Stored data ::
━━━━━━

lemma in_sigma_iff: "(\<exists>w. r = sigma \<star> w) \<longleftrightarrow> coeff r 0 = 0"
proof
  assume "coeff r 0 = 0"
  then have "r = sigma \<star> map_poly (\<lambda>x. x ^ q) (poly_shift 1 r)"
    by (intro poly_eqI)
      (auto simp: coeff_sigma_skew_mult coeff_map_poly coeff_poly_shift zero_power)
  then show "\<exists>w. r = sigma \<star> w" by blast
qed (auto simp: coeff_sigma_skew_mult)

lemma coeff_qpoly_q_power: "coeff (qpoly r) (q ^ i) = coeff r i ^ (q ^ i)"
proof -
  have "coeff (qpoly r) (q ^ i) = (\<Sum>j\<le>degree r. if j = i then coeff r i ^ (q ^ i) else 0)"
    unfolding qpoly_def coeff_sum coeff_monom
    using q_gt_1 by (intro sum.cong refl) (auto simp: power_inject_exp)
  then show ?thesis by (auto simp: coeff_eq_0 zero_power)
qed

lemma qpoly_eq_0_iff [simp]: "qpoly r = 0 \<longleftrightarrow> r = 0"
proof
  assume "qpoly r = 0"
  then have "coeff r i ^ (q ^ i) = 0" for i
    using coeff_qpoly_q_power[of r i] by simp
  then show "r = 0" by (intro poly_eqI) simp
qed (simp add: qpoly_def)

lemma degree_qpoly:
  assumes "r \<noteq> 0"
  shows "degree (qpoly r) = q ^ degree r"
proof (rule antisym)
  have "degree (monom (coeff r i ^ (q ^ i)) (q ^ i)) \<le> q ^ degree r" if "i \<le> degree r" for i
    using that q_gt_1 by (intro order.trans[OF degree_monom_le] power_increasing) auto
  then show "degree (qpoly r) \<le> q ^ degree r"
    unfolding qpoly_def by (intro degree_sum_le) auto
  show "q ^ degree r \<le> degree (qpoly r)"
    by (rule le_degree) (use assms in \<open>simp add: coeff_qpoly_q_power\<close>)
qed

lemma pderiv_qpoly: "pderiv (qpoly r) = [:coeff r 0:]"
proof -
  have "pderiv (qpoly r) = (\<Sum>i\<le>degree r. pderiv (monom (coeff r i ^ (q ^ i)) (q ^ i)))"
    unfolding qpoly_def using higher_pderiv_sum[of 1] by simp
  also have "\<dots> = (\<Sum>i\<le>degree r. if i = 0 then [:coeff r 0:] else 0)"
    by (intro sum.cong refl) (auto simp: pderiv_monom monom_0 of_nat_power zero_power)
  finally show ?thesis by simp
qed

lemma poly_qpoly_0 [simp]: "poly (qpoly r) 0 = 0"
  by (simp add: qpoly_def poly_sum poly_monom zero_power)

lemma qpoly_surjective: "r \<noteq> 0 \<Longrightarrow> \<exists>c. poly (qpoly r) c = t"
  by (rule poly_surjective) (simp add: degree_qpoly)

lemma card_roots_qpoly:
  assumes "coeff r 0 \<noteq> 0"
  shows "card {c. poly (qpoly r) c = 0} = q ^ degree r"
proof -
  have "r \<noteq> 0" using assms by auto
  then show ?thesis
    using card_roots_separable[of "qpoly r"] assms by (simp add: pderiv_qpoly degree_qpoly)
qed

lemma eq_0_if_eval1_smult_eq_0:
  assumes "\<And>c. eval1 (smult c r) = 0"
  shows "r = 0"
proof (rule ccontr)
  assume "r \<noteq> 0"
  then obtain c where "poly (qpoly r) c = 1"
    using qpoly_surjective by blast
  with assms[of c] show False by (simp add: eval1_smult)
qed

━━━━━━

Requirement ::
Your answer must be the line holding "(qpoly r) 0" plus every later line to the end of the records, copied exactly.

Answer space ::
lemma poly_qpoly_0 [simp]: "poly (qpoly r) 0 = 0"
  by (simp add: qpoly_def poly_sum poly_monom zero_power)

lemma qpoly_surjective: "r \<noteq> 0 \<Longrightarrow> \<exists>c. poly (qpoly r) c = t"
  by (rule poly_surjective) (simp add: degree_qpoly)

lemma card_roots_qpoly:
  assumes "coeff r 0 \<noteq> 0"
  shows "card {c. poly (qpoly r) c = 0} = q ^ degree r"
proof -
  have "r \<noteq> 0" using assms by auto
  then show ?thesis
    using card_roots_separable[of "qpoly r"] assms by (simp add: pderiv_qpoly degree_qpoly)
qed

lemma eq_0_if_eval1_smult_eq_0:
  assumes "\<And>c. eval1 (smult c r) = 0"
  shows "r = 0"
proof (rule ccontr)
  assume "r \<noteq> 0"
  then obtain c where "poly (qpoly r) c = 1"
    using qpoly_surjective by blast
  with assms[of c] show False by (simp add: eval1_smult)
qed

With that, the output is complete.